Originally posted in The Vacaville Reporter: Working at the Food Bank of Contra Costa and Solano for all of these years has taught me that many of our senior citizens are food-insecure because they struggle financially. Thirty years ago we started our Senior Food Program, to help this often-vulnerable segment of our population.
Our goal was to provide some supplemental food assistance to low-income seniors, age 55 and older. We saw that people who relied on Social Security as the bulk of their retirement income had difficulty making ends meet. Three decades later, that has not changed.
One thing that has changed is that thirty years ago it was much more common for people to retire with an employee-sponsored pension to help in their golden years as a reward for years of dedicated service. Nowadays most people are expected to self-fund their retirement accounts, but not everyone can afford to do so. When you are barely getting by and having difficulty paying your bills in the present, it’s hard to put away money for the future.
An ongoing problem within the Social Security system is that while the cost of food, housing and healthcare are always on the rise, increases in benefits are minimal or nonexistent. Social Security benefits simply don’t keep up with the rising cost of living, especially in the Bay Area.
A senior we recently spoke with at a distribution explained, “When you live on social security only, you have to budget very, very carefully.” She shared that receiving food from the Food Bank “takes a lot of pressure off of you because you know you can always go down and get a loaf of bread. You can get something to make a stew.”
Another senior at the distribution explained, “It helps with your weekly food budget. Every little bit helps. That’s less money we have to spend at the grocery store that we can use for something else like shampoo or bath soap.”

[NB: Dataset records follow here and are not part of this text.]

theorem quadric_avsp_proj:
  fixes Sigma :: "nat \<Rightarrow> ('a ^ 'n) set" and e r N :: nat
  assumes e: "e \<le> 2" "odd (r + e)" and r: "CARD('n) = r + 3" and witt: "witt = (r + 3 - e) div 2"
    and N: "N = CARD('a) ^ ((r + e + 1) div 2)"
    and gens: "\<forall>i\<in>{1..N+1}. generator Q UNIV (Sigma i)"
    and disj: "\<forall>i\<in>{1..N+1}. \<forall>j\<in>{1..N+1}. i \<noteq> j \<longrightarrow> Sigma i \<inter> Sigma j = {0}"
    and p: "p \<in> Sigma (N + 1)"
  shows "quadric_avsp Q e r U H (Sigma (N + 1) \<inter> H) N (\<lambda>i. proj (Sigma i))"
proof -
  note arith = quadric_index_arith[OF e witt]
  have G0: "generator Q UNIV (Sigma (N + 1))" using gens by simp
  have disj': "Sigma i \<inter> Sigma j = {0}" if "i \<in> {1..N+1}" "j \<in> {1..N+1}" "i \<noteq> j" for i j
    using disj that by blast
  have avoid: "generator Q UNIV (Sigma i)" "p \<notin> Sigma i" if "i \<in> {1..N}" for i
    using gens disj'[of i "N + 1"] that point_nonzero p by auto
  have dim_U': "vec.dim U = r + 2" using dim_U r by simp
  then have "card {1..N} = CARD('a) ^ (vec.dim U - witt)" using N arith(1) by simp
  then have "avsp U H (\<lambda>i. proj (Sigma i)) {1..N}"
    using avsp_proj[of "{1..N}"] avoid disj' G0 p by auto
  moreover have "quadric_type Q H r e"
    using e subspace_H dim_H dim_U' nondeg_on_H witt_index_H[OF G0 p] arith(2)
    unfolding quadric_type_def by simp
  moreover have "vec.dim (proj (Sigma i)) = (r + 3 - e) div 2" "generator Q H (proj (Sigma i) \<inter> H)"
    "proj (Sigma i) \<inter> H \<inter> (Sigma (N + 1) \<inter> H) = {0}" if "i \<in> {1..N}" for i
  proof -
    show "vec.dim (proj (Sigma i)) = (r + 3 - e) div 2" using dim_proj[OF avoid[OF that]] witt by simp
    show "generator Q H (proj (Sigma i) \<inter> H)" using generator_proj_Int_H[OF avoid[OF that] G0 p] .
    have "proj (Sigma i) \<inter> Sigma (N + 1) = {0}"
      using proj_Int_generator[OF avoid(1)[OF that] G0 p] disj'[of i "N + 1"] that by simp
    then show "proj (Sigma i) \<inter> H \<inter> (Sigma (N + 1) \<inter> H) = {0}"
      using subspace_H vec.subspace_0 by blast
  qed
  moreover have "vec.dim (proj (Sigma i) \<inter> proj (Sigma j)) \<le> 1"
    "vec.dim (proj (Sigma i) \<inter> H \<inter> (proj (Sigma j) \<inter> H)) \<le> 1"
    "vec.dim (proj (Sigma i) \<inter> H \<inter> (proj (Sigma j) \<inter> H)) = 1 \<Longrightarrow>
       quadric_type Q (vec.span (proj (Sigma i) \<union> proj (Sigma j)) \<inter> H) (r - e) 0"
    if "i \<in> {1..N}" "j \<in> {1..N}" "i \<noteq> j" for i j
  proof -
    have Gij: "generator Q UNIV (Sigma i)" "p \<notin> Sigma i" "generator Q UNIV (Sigma j)" "p \<notin> Sigma j"
      "Sigma i \<inter> Sigma j = {0}"
      using avoid disj' that by auto
    show "vec.dim (proj (Sigma i) \<inter> proj (Sigma j)) \<le> 1" by (rule dim_proj_Int_le[OF Gij])
    show "vec.dim (proj (Sigma i) \<inter> H \<inter> (proj (Sigma j) \<inter> H)) \<le> 1" by (rule dim_proj_Int_H_Int_le[OF Gij])
    show "vec.dim (proj (Sigma i) \<inter> H \<inter> (proj (Sigma j) \<inter> H)) = 1 \<Longrightarrow>
        quadric_type Q (vec.span (proj (Sigma i) \<union> proj (Sigma j)) \<inter> H) (r - e) 0"
      using quadric_type_span_proj[OF Gij] arith(3) by simp
  qed
  ultimately show ?thesis
    unfolding quadric_avsp_def by (intro conjI ballI impI N dim_U' generator_Int_H[OF G0 p])
qed
(* Let $s\geqslant1$. (1) The Markov rule fails in $\mathcal B_s$: there is an evaluated formula $\varphi(x)$ of $L_s$ (free number variable $x$, other parameters replaced by elements of the domains) such that $\mathcal B_s\Vdash\forall x[\varphi(x)\vee\neg\varphi(x)]$ and $\mathcal B_s\Vdash\neg\neg\exists x\varphi(x)$, but not $\mathcal B_s\Vdash\exists x\varphi(x)$. (2) Markov's principle fails in $\mathcal B_s$: for such a $\varphi$, $\mathcal B_s\not\Vdash\forall x[\varphi(x)\vee\neg\varphi(x)]\wedge\neg\neg\exists x\varphi(x)\supset\exists x\varphi(x)$.
   Context: Language $L_s$ ($s\geqslant1$): variables $x,y,\dots$ (type 0), and for $1\leqslant n\leqslant s$: $F^n$ ($n$-functionals), $A^n$ (lawlike), $\mathcal F^n$ (lawless), of type $n$; constants $0,K^n$; function symbols $S,+,\cdot,N^n,Ap^n$ ($Z(t)=Ap(Z,t)$ lowers type by 1; a 1-functional applied to a term is a term); atomic formulas $t=_0\tau$, $Z=_nV$; connectives $\bot,\wedge,\vee,\supset$, quantifiers; $\neg\varphi:=\varphi\supset\bot$; terms for primitive recursive functions/relations (e.g. bounded quantifiers, $<$) are available by the usual definitions. Beth model $\mathcal{B}_s$: path = maximal chain. $a_0=\omega$, $d_0=\{\langle x\rangle:x\in\omega^*\}$ ordered by extension ($\langle x\rangle\preccurlyeq_0\langle y\rangle$ iff $y$ is an initial segment of $x$). For $k\geqslant1$: $a_k$ = partial $f:d_{k-1}\times\omega\dashrightarrow a_{k-1}$, monotonic ($y\preccurlyeq_{k-1}x\Rightarrow f(x,\cdot)\subseteq f(y,\cdot)$) and complete (along every path of $d_{k-1}$ the union of $f(x,\cdot)$ is total); $d_k$ = tuples $\langle x_0,\dots,x_k\rangle$ of sequences of common length $m=lh$ with $x_i\in a_i^{(m)}$, ordered componentwise by extension. Nodes $M=d_{s-1}$, root $\varepsilon=\langle\langle\rangle,\dots,\langle\rangle\rangle$, $\bar\alpha(k)=\langle\alpha_0,\dots,\alpha_{k-1}\rangle$. Domains $\omega$, $a_k$, $b_k=\{f\in a_k:f(\text{root},\cdot)\text{ total}\}$, $l_k=\{\nu_k(\xi)\}$ with $\xi:\omega\times a_{k-1}\to a_{k-1}$, all $\xi(n,\cdot)$ bijective, $\nu_k(\xi)(x,n)=\xi(n,\langle\langle x\rangle_{k-1}\rangle_n)$ for $n<lh(x)$, else undefined. $\widehat K^1(x,n)=0$, $\widehat K^{k+1}(x,n)=\widehat K^k$; usual $0,S,+,\cdot$; $N^k\mapsto S^k$ ($S^0(x)=x+1$, $S^{n+1}(f)=S^n\circ f$); at node $\alpha$, $Ap^k(f,n)=f(\bar\alpha(k),n)$. $Val(\alpha,Z=V)=T$ iff both values at $\alpha$ defined and equal. Beth forcing: atomic, $\vee$, $\exists$ require every path through $\alpha$ to meet a node where the valuation holds / a disjunct / an instance is forced; $\supset$: every later node (including $\alpha$) forcing the antecedent forces the consequent; $\wedge,\forall$ pointwise; $\bot$ never forced; $\mathcal B_s\Vdash\varphi$ iff $\varepsilon\Vdash\varphi$. *)

theory Defs
  imports Main "HOL-Library.Sublist"
begin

In addition to the Senior Food Program, low-income seniors can receive food through some of the Food Bank’s other direct distribution programs, including the Community Produce Program and Harvest to Home. We also partner with other nonprofit agencies that provide assistance to seniors through their pantries and soup kitchens.
We are thankful for our supporters who allow us to provide seniors with the nutritious food they deserve. If you are interested in making a financial donation to fight senior hunger, visit us at www.foodbankccs.org/seniors. If you are a senior needing assistance, please visit www.foodbankccs.org/getfood to get more information about a Senior Food Program distribution in your city.
The number of seniors we serve has grown over the years. Many of the seniors we talk to were once hard-working people who never imagined that they’d need assistance from a food bank someday. Aging is inevitable and people are living longer than ever. We need to let seniors know that we care and send the message that our society still values them.